A/N: Inspired by "Call Back Yesterday" by Pat Ames
They were stuck in the mud again.
"Why do I even bother going back inside," Burke growled as he jumped out the back of the wagon, "when the damn thing snags every five minutes!"
Virdon followed him slowly, not bothering to reply. The rain had never stopped for more than an hour since they had left Etissa, and the roads were soaked now, sucking at the wheels of their wagon and stopping it in its tracks. Whenever the wheels sank up to their axis in the mud, he and Burke had to climb down from the wagon and push it out of the pothole again, while Galen urged on their tired horses; and as Burke had observed, this happened with increasing frequency.
They should probably have heeded the advice of Etissa's chief of police to hibernate south of the passes - if not in Etissa itself, then in one of the neighbouring towns. The relentless winter rains created huge landslides in these mountains; the road they were traveling on could be gone after the next bend, flushed into the canyon yawning to their right. And then they'd be stuck in the middle of nowhere, with no way to turn their wagon around and retreat back into the last village they had passed - the road was too narrow for that maneuver.
But nobody had wanted to stay south of the passes; nobody had wanted to risk Urko catching up with them yet again. They had escaped the relentless gorilla too often to challenge fate that way.
And he - he had wanted to put as much distance between himself and Etissa as possible. Virdon knew that he should've been the voice of reason, of caution... but he had kept silent, and his friends had pushed on, deeper into the mountains.
They had crossed the passes about a week ago - they were on the northern side of the mountain range now, finally out of Urko's reach. And they should've celebrated that achievement, that almost unimaginable feat of defying the Chief General of the southern simian dominion, but everyone was tense and silent - whether out of exhaustion, or because the road was still so treacherous, Virdon couldn't say. If this was their redemption, it had come too late.
Virdon pushed his shoulder against the rear wheel and tried to find traction for his feet. He had sunk into the squishy brown loam up to his ankles; in fact, he and Burke were covered from head to toe with it.
"This is like wading through shit," Burke wheezed, and threw himself against his wheel. "I'm telling myself that it's not really shit, but it... don't... help..."
Virdon's feet were slipping in the cold, wet depths of the pothole. Beside him, Burke was cursing, but the strain made his words unintelligible.
It was like wading through shit, being covered with shit, being soiled on the outside, just as he was on the inside-
Not now. Virdon consciously focused on the wheel pressing into his shoulder.
It was a thought that never really left him, though. It slowed his limbs and silenced his tongue; averted his eyes from Zana's searching gaze, and had him studying the desolate landscape around them instead.
Virdon knew that he should talk to her about Etissa - should heed his own advice to Burke, back in Sapan. But every time he so much as thought of it, shame flushed his throat and clenched his fists, made him want to punch the wooden frame of their wagon until his knuckles bled. And what could she really do?
Nothing helped.
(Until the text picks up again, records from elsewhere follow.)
text \<open>
  The set R k of rows i with entry (i,j) of the k-step product at least \<alpha>^k grows along
  edges and never shrinks (self-arcs); strong connectivity of each window of length L
  forces it to gain a new row within every L steps until it is everything.
\<close>
lemma backward_prod_ge_power_if_connected:
  fixes A :: "nat \<Rightarrow> 'n::finite \<Rightarrow> 'n \<Rightarrow> 'a::linordered_semidom"
  assumes nonneg: "\<And>t i j. 0 \<le> A t i j"
    and edge: "\<And>t i j. (j, i) \<in> E t \<Longrightarrow> \<alpha> \<le> A t i j"
    and self_arcs: "\<And>t i. (i, i) \<in> E t"
    and alpha_pos: "0 < \<alpha>"
    and connected: "\<And>t. strongly_connected (\<Union>k\<in>{t..<t + L}. E k)"
  shows "\<alpha> ^ (CARD('n) * L) \<le> backward_prod A s (CARD('n) * L) i j"
proof -
  define R where "R k = {i. \<alpha> ^ k \<le> backward_prod A s k i j}" for k
  have R_step: "b \<in> R (Suc k)" if "a \<in> R k" and "(a, b) \<in> E (s + k)" for a b k
  proof -
    have "\<alpha> * \<alpha> ^ k \<le> A (s + k) b a * backward_prod A s k a j"
      using that edge[of a b "s + k"] alpha_pos unfolding R_def
      by (intro mult_mono) (auto intro: nonneg)
    also have "\<dots> \<le> (\<Sum>l\<in>UNIV. A (s + k) b l * backward_prod A s k l j)"
      by (rule member_le_sum) (auto intro!: mult_nonneg_nonneg nonneg backward_prod_nonneg)
    finally show ?thesis unfolding R_def by simp
  qed
  have R_mono: "R k \<subseteq> R (k + d)" for k d
  proof (induction d)
    case (Suc d)
    then show ?case using R_step[OF _ self_arcs] by auto
  qed simp
  have j_in_R: "j \<in> R k" for k
    using R_mono[of 0 k] unfolding R_def by auto
  have R_grows: "\<exists>b. b \<notin> R k \<and> b \<in> R (k + L)" if proper: "R k \<noteq> UNIV" for k
  proof -
    obtain b0 where b0: "b0 \<notin> R k" using proper by blast
    have "(j, b0) \<in> (\<Union>t\<in>{s + k..<s + k + L}. E t)\<^sup>*"
      using connected[of "s + k"] unfolding strongly_connected_def by blast
    then obtain a b where "(a, b) \<in> (\<Union>t\<in>{s + k..<s + k + L}. E t)" "a \<in> R k" "b \<notin> R k"
      using j_in_R b0 by (rule rtrancl_exit_edge)
    then obtain t where ab: "(a, b) \<in> E t" "a \<in> R k" "b \<notin> R k" "t \<in> {s + k..<s + k + L}"
      by blast
    define d where "d = t - (s + k)"
    have t: "t = s + (k + d)" "d < L" using ab unfolding d_def by auto
    have "a \<in> R (k + d)" using R_mono ab by blast
    then have "b \<in> R (Suc (k + d))" using R_step ab t by simp
    then have "b \<in> R (k + L)" using R_mono[of "Suc (k + d)" "L - Suc d"] t by auto
    then show ?thesis using ab by blast
  qed
  have R_card: "min (Suc m) CARD('n) \<le> card (R (m * L))" for m
  proof (induction m)
    case 0
    have "card {j} \<le> card (R 0)" using j_in_R by (intro card_mono) auto
    then show ?case by simp
  next
    case (Suc m)
    show ?case
    proof (cases "R (m * L) = UNIV")
      case True
      then have "R (Suc m * L) = UNIV" using R_mono[of "m * L" L] by (auto simp: add.commute)
      then show ?thesis by simp
    next
      case False
      then have "R (m * L) \<subset> R (m * L + L)" using R_mono R_grows by blast
      then have "card (R (m * L)) < card (R (m * L + L))" by (intro psubset_card_mono) auto
      then show ?thesis using Suc by (simp add: add.commute)
    qed
  qed
  have "R (CARD('n) * L) = UNIV"
    using R_card[of "CARD('n)"] by (intro card_seteq) auto
  then show ?thesis unfolding R_def by auto
qed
Bullet to the head, that'd help. He hadn't understood it back then.
He couldn't talk to anyone anymore. If there was still a prayer left in him, it was don't look at me.
The wagon slowly moved forward. Virdon strained against it, welcoming the sharp pain in his hip, the dull ache where his shoulder pushed at the wheel. Burke had fallen silent, except for a grunt when the mud finally released its grip, and the wagon climbed out of the puddle.
Burke reached for the tailboard, then the bow, to haul himself up and climb back inside. Virdon didn't follow him; it wouldn't be long before they'd have to push the wagon out of the next mudhole. They couldn't avoid them on this narrow road, and-
The right wheel sagged into the mud until the lower edge of the tailboard touched the road. Before Virdon's unbelieving eyes, the left wheel followed, sinking into the mud up to its axis, as the wagon slowly tilted towards the chasm to their right. Someone in the wagon yelped, a high-pitched sound of shock and fright.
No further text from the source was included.